Problem → Among the lines below, return each one that contains the word "assumes".

Records to process →
(* Let $X,Y,Z$ be random variables on finite alphabets $\mathcal{X},\mathcal{Y},\mathcal{Z}$, and define the redundant information $\operatorname{Red}(X,Y\to Z)=I(X;Z)-\operatorname{Un}(X\to Z\mid Y)$ with $\operatorname{Un}$ as below. Then $\operatorname{Red}(X,Y\to Z)\ge 0$.
   Context: For each $y\in\mathcal{Y}$ with $\Pr(Y=y)>0$, let $(A_y,B_y,C_y)$ be the random triple on $\mathcal{X}\times\mathcal{Y}\times\mathcal{Z}$ with $\Pr(A_y=x,B_y=y',C_y=z)=0$ if $\Pr(Z=z)=0$ and $\Pr(A_y=x,B_y=y',C_y=z)=\Pr(X=x,Y=y',Z=z)\Pr(Z=z\mid Y=y)/\Pr(Z=z)$ otherwise. The unique information is $\operatorname{Un}(X\to Z\mid Y)=\sum_{y:\Pr(Y=y)>0}\Pr(Y=y)\,I(A_y;C_y)$, where $I$ is mutual information. *)

theory Defs
  imports "HOL-Probability.Probability"
begin

definition PY :: "('x::finite \<times> 'y::finite \<times> 'z::finite) pmf \<Rightarrow> 'y \<Rightarrow> real" where
  "PY p y = (\<Sum>x\<in>UNIV. \<Sum>z\<in>UNIV. pmf p (x, y, z))"

definition PZ :: "('x::finite \<times> 'y::finite \<times> 'z::finite) pmf \<Rightarrow> 'z \<Rightarrow> real" where
  "PZ p z = (\<Sum>x\<in>UNIV. \<Sum>y\<in>UNIV. pmf p (x, y, z))"

definition PYZ :: "('x::finite \<times> 'y::finite \<times> 'z::finite) pmf \<Rightarrow> 'y \<Rightarrow> 'z \<Rightarrow> real" where
  "PYZ p y z = (\<Sum>x\<in>UNIV. pmf p (x, y, z))"

definition PXZ :: "('x::finite \<times> 'y::finite \<times> 'z::finite) pmf \<Rightarrow> 'x \<Rightarrow> 'z \<Rightarrow> real" where
  "PXZ p x z = (\<Sum>y\<in>UNIV. pmf p (x, y, z))"

definition PZ_given_Y :: "('x::finite \<times> 'y::finite \<times> 'z::finite) pmf \<Rightarrow> 'z \<Rightarrow> 'y \<Rightarrow> real" where
  "PZ_given_Y p z y = PYZ p y z / PY p y"

definition mutual_info :: "('a::finite \<times> 'c::finite \<Rightarrow> real) \<Rightarrow> real" where
  "mutual_info q = (\<Sum>a\<in>UNIV. \<Sum>c\<in>UNIV.
      (if q (a, c) = 0 then 0
       else q (a, c) * log 2 (q (a, c) / ((\<Sum>c'\<in>UNIV. q (a, c')) * (\<Sum>a'\<in>UNIV. q (a', c))))))"

text \<open>Mass function of the triple (A_y, B_y, C_y).\<close>
definition triple_y :: "('x::finite \<times> 'y::finite \<times> 'z::finite) pmf \<Rightarrow> 'y \<Rightarrow> 'x \<times> 'y \<times> 'z \<Rightarrow> real" where
  "triple_y p y t = (case t of (x, y', z) \<Rightarrow>
      if PZ p z = 0 then 0 else pmf p (x, y', z) * PZ_given_Y p z y / PZ p z)"

definition unique_info :: "('x::finite \<times> 'y::finite \<times> 'z::finite) pmf \<Rightarrow> real" where
  "unique_info p = (\<Sum>y\<in>{y. PY p y > 0}.
      PY p y * mutual_info (\<lambda>(x, z). \<Sum>y'\<in>UNIV. triple_y p y (x, y', z)))"

definition Red :: "('x::finite \<times> 'y::finite \<times> 'z::finite) pmf \<Rightarrow> real" where
  "Red p = mutual_info (\<lambda>(x, z). PXZ p x z) - unique_info p"

end

theory Submission
  imports Defs
begin

(* Let r_y be the law of X given Y = y in the Markov chain Y - Z - X having the same pair laws
   of (Y, Z) and (X, Z) as p; it is the X-marginal of A_y, and its mixture over P(Y) is P(X).
   Both I(X;Z) and the terms P(y) I(A_y;C_y) are expectations under this Markov joint law,
   of log P(x|z)/P(x) and of log P(x|z)/r_y(x) respectively.  The terms log P(x|z) cancel, so
   Red(X,Y -> Z) = sum_y P(y) D(r_y || P(X)), which is nonnegative by Gibbs' inequality. *)

definition rel_entropy :: "('a::finite \<Rightarrow> real) \<Rightarrow> ('a \<Rightarrow> real) \<Rightarrow> real" where
  "rel_entropy a b = (\<Sum>x\<in>UNIV. a x * log 2 (a x / b x))"

lemma mult_log_divide_ge:
  fixes a b c :: real
  assumes "1 < c" "0 \<le> a" "0 \<le> b" "0 < a \<Longrightarrow> 0 < b"
  shows "(a - b) / ln c \<le> a * log c (a / b)"
proof (cases "a = 0")
  case True
  then show ?thesis using assms by (simp add: divide_nonpos_pos)
next
  case False
  with assms have "0 < a" "0 < b" by auto
  then have "ln (b / a) \<le> b / a - 1" by (intro ln_le_minus_one) simp
  moreover have "ln (a / b) = - ln (b / a)" using \<open>0 < a\<close> \<open>0 < b\<close> by (simp add: ln_div)
  ultimately have "a - b \<le> a * ln (a / b)" using \<open>0 < a\<close> by (simp add: field_simps)
  then show ?thesis using assms(1) by (simp add: log_def divide_right_mono)
qed

lemma rel_entropy_nonneg:
  fixes a b :: "'a::finite \<Rightarrow> real"
  assumes "\<And>x. 0 \<le> a x" "\<And>x. 0 \<le> b x" "\<And>x. 0 < a x \<Longrightarrow> 0 < b x"
    and "sum b UNIV \<le> sum a UNIV"
  shows "0 \<le> rel_entropy a b"
proof -
  have "0 \<le> (sum a UNIV - sum b UNIV) / ln 2" using assms(4) by simp
  also have "\<dots> = (\<Sum>x\<in>UNIV. (a x - b x) / ln 2)"
    by (simp add: sum_subtractf flip: sum_divide_distrib)
  also have "\<dots> \<le> rel_entropy a b"
    unfolding rel_entropy_def by (intro sum_mono mult_log_divide_ge) (auto simp: assms)
  finally show ?thesis .
qed

definition PX :: "('x::finite \<times> 'y::finite \<times> 'z::finite) pmf \<Rightarrow> 'x \<Rightarrow> real" where
  "PX p x = (\<Sum>z\<in>UNIV. PXZ p x z)"

lemma PXZ_nonneg [simp]: "0 \<le> PXZ p x z"
  unfolding PXZ_def by (simp add: sum_nonneg)

lemma PYZ_nonneg [simp]: "0 \<le> PYZ p y z"
  unfolding PYZ_def by (simp add: sum_nonneg)

lemma PY_nonneg [simp]: "0 \<le> PY p y"
  unfolding PY_def by (simp add: sum_nonneg)

lemma PZ_nonneg [simp]: "0 \<le> PZ p z"
  unfolding PZ_def by (simp add: sum_nonneg)

lemma PX_nonneg [simp]: "0 \<le> PX p x"
  unfolding PX_def by (simp add: sum_nonneg)

lemma PZ_eq_sum_PXZ: "PZ p z = (\<Sum>x\<in>UNIV. PXZ p x z)"
  unfolding PZ_def PXZ_def ..

lemma PZ_eq_sum_PYZ: "PZ p z = (\<Sum>y\<in>UNIV. PYZ p y z)"
  unfolding PZ_def PYZ_def by (rule sum.swap)

lemma PY_eq_sum_PYZ: "PY p y = (\<Sum>z\<in>UNIV. PYZ p y z)"
  unfolding PY_def PYZ_def by (rule sum.swap)

lemma sum_pmf_triple_eq_1:
  fixes p :: "('x::finite \<times> 'y::finite \<times> 'z::finite) pmf"
  shows "(\<Sum>x\<in>UNIV. \<Sum>y\<in>UNIV. \<Sum>z\<in>UNIV. pmf p (x, y, z)) = 1"
proof -
  have "(\<Sum>x\<in>UNIV. \<Sum>y\<in>UNIV. \<Sum>z\<in>UNIV. pmf p (x, y, z)) = (\<Sum>t\<in>UNIV. pmf p t)"
    by (simp add: sum.cartesian_product flip: UNIV_Times_UNIV)
  also have "\<dots> = 1"
    by (rule sum_pmf_eq_1) auto
  finally show ?thesis .
qed

lemma sum_PX_eq_1:
  fixes p :: "('x::finite \<times> 'y::finite \<times> 'z::finite) pmf"
  shows "(\<Sum>x\<in>UNIV. PX p x) = 1"
proof -
  have "PX p x = (\<Sum>y\<in>UNIV. \<Sum>z\<in>UNIV. pmf p (x, y, z))" for x
    unfolding PX_def PXZ_def by (rule sum.swap)
  then show ?thesis using sum_pmf_triple_eq_1[of p] by simp
qed

lemma PXZ_eq_0_if_PZ_eq_0: "PZ p z = 0 \<Longrightarrow> PXZ p x z = 0"
  unfolding PZ_eq_sum_PXZ by (simp add: sum_nonneg_eq_0_iff)

lemma PYZ_eq_0_if_PZ_eq_0: "PZ p z = 0 \<Longrightarrow> PYZ p y z = 0"
  unfolding PZ_eq_sum_PYZ by (simp add: sum_nonneg_eq_0_iff)

lemma PYZ_eq_0_if_PY_eq_0: "PY p y = 0 \<Longrightarrow> PYZ p y z = 0"
  unfolding PY_eq_sum_PYZ by (simp add: sum_nonneg_eq_0_iff)

lemma PXZ_eq_0_if_PX_eq_0: "PX p x = 0 \<Longrightarrow> PXZ p x z = 0"
  unfolding PX_def by (simp add: sum_nonneg_eq_0_iff)

text \<open>The Markov chain X - Z - Y with the pair laws of (X, Z) and (Y, Z) taken from p;
  conditioned on Y = y it is the law of (A_y, C_y).\<close>
definition markov_joint :: "('x::finite \<times> 'y::finite \<times> 'z::finite) pmf \<Rightarrow> 'x \<Rightarrow> 'y \<Rightarrow> 'z \<Rightarrow> real" where
  "markov_joint p x y z = PXZ p x z * PYZ p y z / PZ p z"

definition PX_given_Y_markov :: "('x::finite \<times> 'y::finite \<times> 'z::finite) pmf \<Rightarrow> 'x \<Rightarrow> 'y \<Rightarrow> real" where
  "PX_given_Y_markov p x y = (\<Sum>z\<in>UNIV. markov_joint p x y z) / PY p y"

lemma markov_joint_nonneg [simp]: "0 \<le> markov_joint p x y z"
  unfolding markov_joint_def by simp

lemma PX_given_Y_markov_nonneg [simp]: "0 \<le> PX_given_Y_markov p x y"
  unfolding PX_given_Y_markov_def by (simp add: sum_nonneg)

lemma sum_markov_joint_Y: "(\<Sum>y\<in>UNIV. markov_joint p x y z) = PXZ p x z"
proof (cases "PZ p z = 0")
  case True
  then show ?thesis by (simp add: markov_joint_def PXZ_eq_0_if_PZ_eq_0)
next
  case False
  then show ?thesis
    by (simp add: markov_joint_def PZ_eq_sum_PYZ[of p z] flip: sum_divide_distrib sum_distrib_left)
qed

lemma sum_markov_joint_X: "(\<Sum>x\<in>UNIV. markov_joint p x y z) = PYZ p y z"
proof (cases "PZ p z = 0")
  case True
  then show ?thesis by (simp add: markov_joint_def PYZ_eq_0_if_PZ_eq_0)
next
  case False
  then show ?thesis
    by (simp add: markov_joint_def PZ_eq_sum_PXZ[of p z] flip: sum_divide_distrib sum_distrib_right)
qed

lemma markov_joint_eq_0_if_PY_eq_0: "PY p y = 0 \<Longrightarrow> markov_joint p x y z = 0"
  by (simp add: markov_joint_def PYZ_eq_0_if_PY_eq_0)

lemma sum_PX_given_Y_markov:
  assumes "PY p y \<noteq> 0"
  shows "(\<Sum>x\<in>UNIV. PX_given_Y_markov p x y) = 1"
proof -
  have "(\<Sum>x\<in>UNIV. PX_given_Y_markov p x y) = (\<Sum>z\<in>UNIV. \<Sum>x\<in>UNIV. markov_joint p x y z) / PY p y"
    unfolding PX_given_Y_markov_def by (subst sum.swap) (simp flip: sum_divide_distrib)
  also have "\<dots> = 1"
    using assms by (simp add: sum_markov_joint_X flip: PY_eq_sum_PYZ)
  finally show ?thesis .
qed

lemma PX_pos_if_PX_given_Y_markov_pos:
  assumes "0 < PX_given_Y_markov p x y"
  shows "0 < PX p x"
proof -
  have "PX p x \<noteq> 0"
    using assms by (auto simp: PX_given_Y_markov_def markov_joint_def PXZ_eq_0_if_PX_eq_0)
  then show ?thesis
    using PX_nonneg[of p x] by linarith
qed

lemma sum_triple_y: "(\<Sum>y'\<in>UNIV. triple_y p y (x, y', z)) = markov_joint p x y z / PY p y"
proof (cases "PZ p z = 0")
  case True
  then show ?thesis by (simp add: triple_y_def markov_joint_def PXZ_eq_0_if_PZ_eq_0)
next
  case False
  then show ?thesis
    by (simp add: triple_y_def markov_joint_def PZ_given_Y_def PXZ_def sum_distrib_left
        mult.commute flip: sum_divide_distrib)
qed

lemma mutual_info_PXZ:
  "mutual_info (\<lambda>(x, z). PXZ p x z) =
    (\<Sum>x\<in>UNIV. \<Sum>z\<in>UNIV. PXZ p x z * log 2 (PXZ p x z / (PX p x * PZ p z)))"
  unfolding mutual_info_def prod.case PX_def PZ_eq_sum_PXZ by (intro sum.cong) simp_all

lemma PY_mult_mutual_info_triple_y:
  assumes "PY p y \<noteq> 0"
  shows "PY p y * mutual_info (\<lambda>(x, z). \<Sum>y'\<in>UNIV. triple_y p y (x, y', z)) =
    (\<Sum>x\<in>UNIV. \<Sum>z\<in>UNIV.
      markov_joint p x y z * log 2 (PXZ p x z / (PZ p z * PX_given_Y_markov p x y)))"
proof -
  have marginal_X: "(\<Sum>z\<in>UNIV. markov_joint p x y z / PY p y) = PX_given_Y_markov p x y" for x
    by (simp add: PX_given_Y_markov_def sum_divide_distrib)
  have marginal_Z: "(\<Sum>x\<in>UNIV. markov_joint p x y z / PY p y) = PYZ p y z / PY p y" for z
    by (simp add: sum_markov_joint_X flip: sum_divide_distrib)
  have summand: "PY p y * (if markov_joint p x y z / PY p y = 0 then 0
        else markov_joint p x y z / PY p y *
          log 2 (markov_joint p x y z / PY p y / (r * (PYZ p y z / PY p y))))
      = markov_joint p x y z * log 2 (PXZ p x z / (PZ p z * r))" for x z r
  proof (cases "markov_joint p x y z = 0")
    case True
    then show ?thesis by simp
  next
    case False
    then have "PXZ p x z \<noteq> 0" "PYZ p y z \<noteq> 0" "PZ p z \<noteq> 0"
      by (auto simp: markov_joint_def)
    then have "markov_joint p x y z / PY p y / (r * (PYZ p y z / PY p y)) = PXZ p x z / (PZ p z * r)"
      using assms by (simp add: markov_joint_def field_simps)
    with False assms show ?thesis by simp
  qed
  show ?thesis
    unfolding mutual_info_def prod.case sum_triple_y marginal_X marginal_Z sum_distrib_left summand ..
qed

lemma unique_info_eq_sum_markov_joint:
  "unique_info p = (\<Sum>y\<in>{y. 0 < PY p y}. \<Sum>x\<in>UNIV. \<Sum>z\<in>UNIV.
      markov_joint p x y z * log 2 (PXZ p x z / (PZ p z * PX_given_Y_markov p x y)))"
  unfolding unique_info_def by (intro sum.cong) (simp_all add: PY_mult_mutual_info_triple_y)

lemma mutual_info_PXZ_eq_sum_markov_joint:
  "mutual_info (\<lambda>(x, z). PXZ p x z) = (\<Sum>y\<in>{y. 0 < PY p y}. \<Sum>x\<in>UNIV. \<Sum>z\<in>UNIV.
      markov_joint p x y z * log 2 (PXZ p x z / (PX p x * PZ p z)))"
  (is "_ = (\<Sum>y\<in>?S. \<Sum>x\<in>UNIV. \<Sum>z\<in>UNIV. markov_joint p x y z * ?L x z)")
proof -
  have PXZ_eq: "PXZ p x z = (\<Sum>y\<in>?S. markov_joint p x y z)" for x z
    unfolding sum_markov_joint_Y[symmetric]
    by (rule sum.mono_neutral_right) (auto simp: order.strict_iff_order markov_joint_eq_0_if_PY_eq_0)
  have "mutual_info (\<lambda>(x, z). PXZ p x z) = (\<Sum>x\<in>UNIV. \<Sum>z\<in>UNIV. \<Sum>y\<in>?S. markov_joint p x y z * ?L x z)"
    unfolding mutual_info_PXZ by (simp only: PXZ_eq[symmetric] flip: sum_distrib_right)
  also have "\<dots> = (\<Sum>x\<in>UNIV. \<Sum>y\<in>?S. \<Sum>z\<in>UNIV. markov_joint p x y z * ?L x z)"
    by (rule sum.cong[OF refl], rule sum.swap)
  also have "\<dots> = (\<Sum>y\<in>?S. \<Sum>x\<in>UNIV. \<Sum>z\<in>UNIV. markov_joint p x y z * ?L x z)"
    by (rule sum.swap)
  finally show ?thesis .
qed

lemma markov_joint_mult_log_diff:
  assumes "0 < PY p y"
  shows "markov_joint p x y z * log 2 (PXZ p x z / (PX p x * PZ p z))
       - markov_joint p x y z * log 2 (PXZ p x z / (PZ p z * PX_given_Y_markov p x y))
     = markov_joint p x y z * log 2 (PX_given_Y_markov p x y / PX p x)"
proof (cases "markov_joint p x y z = 0")
  case True
  then show ?thesis by simp
next
  case False
  then have "0 < PXZ p x z" "0 < PZ p z"
    by (auto simp: markov_joint_def order.strict_iff_order)
  have "0 < markov_joint p x y z / PY p y"
    using False assms by (simp add: order.strict_iff_order)
  also have "\<dots> \<le> PX_given_Y_markov p x y"
    unfolding PX_given_Y_markov_def using assms
    by (intro divide_right_mono member_le_sum) auto
  finally have "0 < PX_given_Y_markov p x y" .
  moreover from this have "0 < PX p x" by (rule PX_pos_if_PX_given_Y_markov_pos)
  ultimately show ?thesis
    using \<open>0 < PXZ p x z\<close> \<open>0 < PZ p z\<close>
    by (simp add: log_divide log_mult flip: right_diff_distrib)
qed

lemma Red_eq_expected_rel_entropy:
  "Red p = (\<Sum>y\<in>{y. 0 < PY p y}. PY p y * rel_entropy (\<lambda>x. PX_given_Y_markov p x y) (PX p))"
proof -
  have "Red p = (\<Sum>y\<in>{y. 0 < PY p y}. \<Sum>x\<in>UNIV. \<Sum>z\<in>UNIV.
      markov_joint p x y z * log 2 (PX_given_Y_markov p x y / PX p x))"
    unfolding Red_def mutual_info_PXZ_eq_sum_markov_joint unique_info_eq_sum_markov_joint
    by (simp add: markov_joint_mult_log_diff flip: sum_subtractf)
  also have "\<dots> = (\<Sum>y\<in>{y. 0 < PY p y}. \<Sum>x\<in>UNIV.
      PY p y * (PX_given_Y_markov p x y * log 2 (PX_given_Y_markov p x y / PX p x)))"
    by (intro sum.cong refl) (simp add: PX_given_Y_markov_def flip: sum_distrib_right)
  also have "\<dots> = (\<Sum>y\<in>{y. 0 < PY p y}. PY p y * rel_entropy (\<lambda>x. PX_given_Y_markov p x y) (PX p))"
    by (simp add: rel_entropy_def sum_distrib_left)
  finally show ?thesis .
qed

lemma rel_entropy_PX_given_Y_markov_nonneg:
  assumes "PY p y \<noteq> 0"
  shows "0 \<le> rel_entropy (\<lambda>x. PX_given_Y_markov p x y) (PX p)"
proof (rule rel_entropy_nonneg)
  show "sum (PX p) UNIV \<le> (\<Sum>x\<in>UNIV. PX_given_Y_markov p x y)"
    using assms by (simp add: sum_PX_given_Y_markov sum_PX_eq_1)
qed (auto intro: PX_pos_if_PX_given_Y_markov_pos)

theorem corollary3:
  fixes p :: "('x::finite \<times> 'y::finite \<times> 'z::finite) pmf"
  shows "0 \<le> Red p"
  unfolding Red_eq_expected_rel_entropy
  by (intro sum_nonneg mult_nonneg_nonneg PY_nonneg rel_entropy_PX_given_Y_markov_nonneg) auto

end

Answer to this exercise →
  assumes "1 < c" "0 \<le> a" "0 \<le> b" "0 < a \<Longrightarrow> 0 < b"
  assumes "\<And>x. 0 \<le> a x" "\<And>x. 0 \<le> b x" "\<And>x. 0 < a x \<Longrightarrow> 0 < b x"
  assumes "PY p y \<noteq> 0"
  assumes "0 < PX_given_Y_markov p x y"
  assumes "PY p y \<noteq> 0"
  assumes "0 < PY p y"
  assumes "PY p y \<noteq> 0"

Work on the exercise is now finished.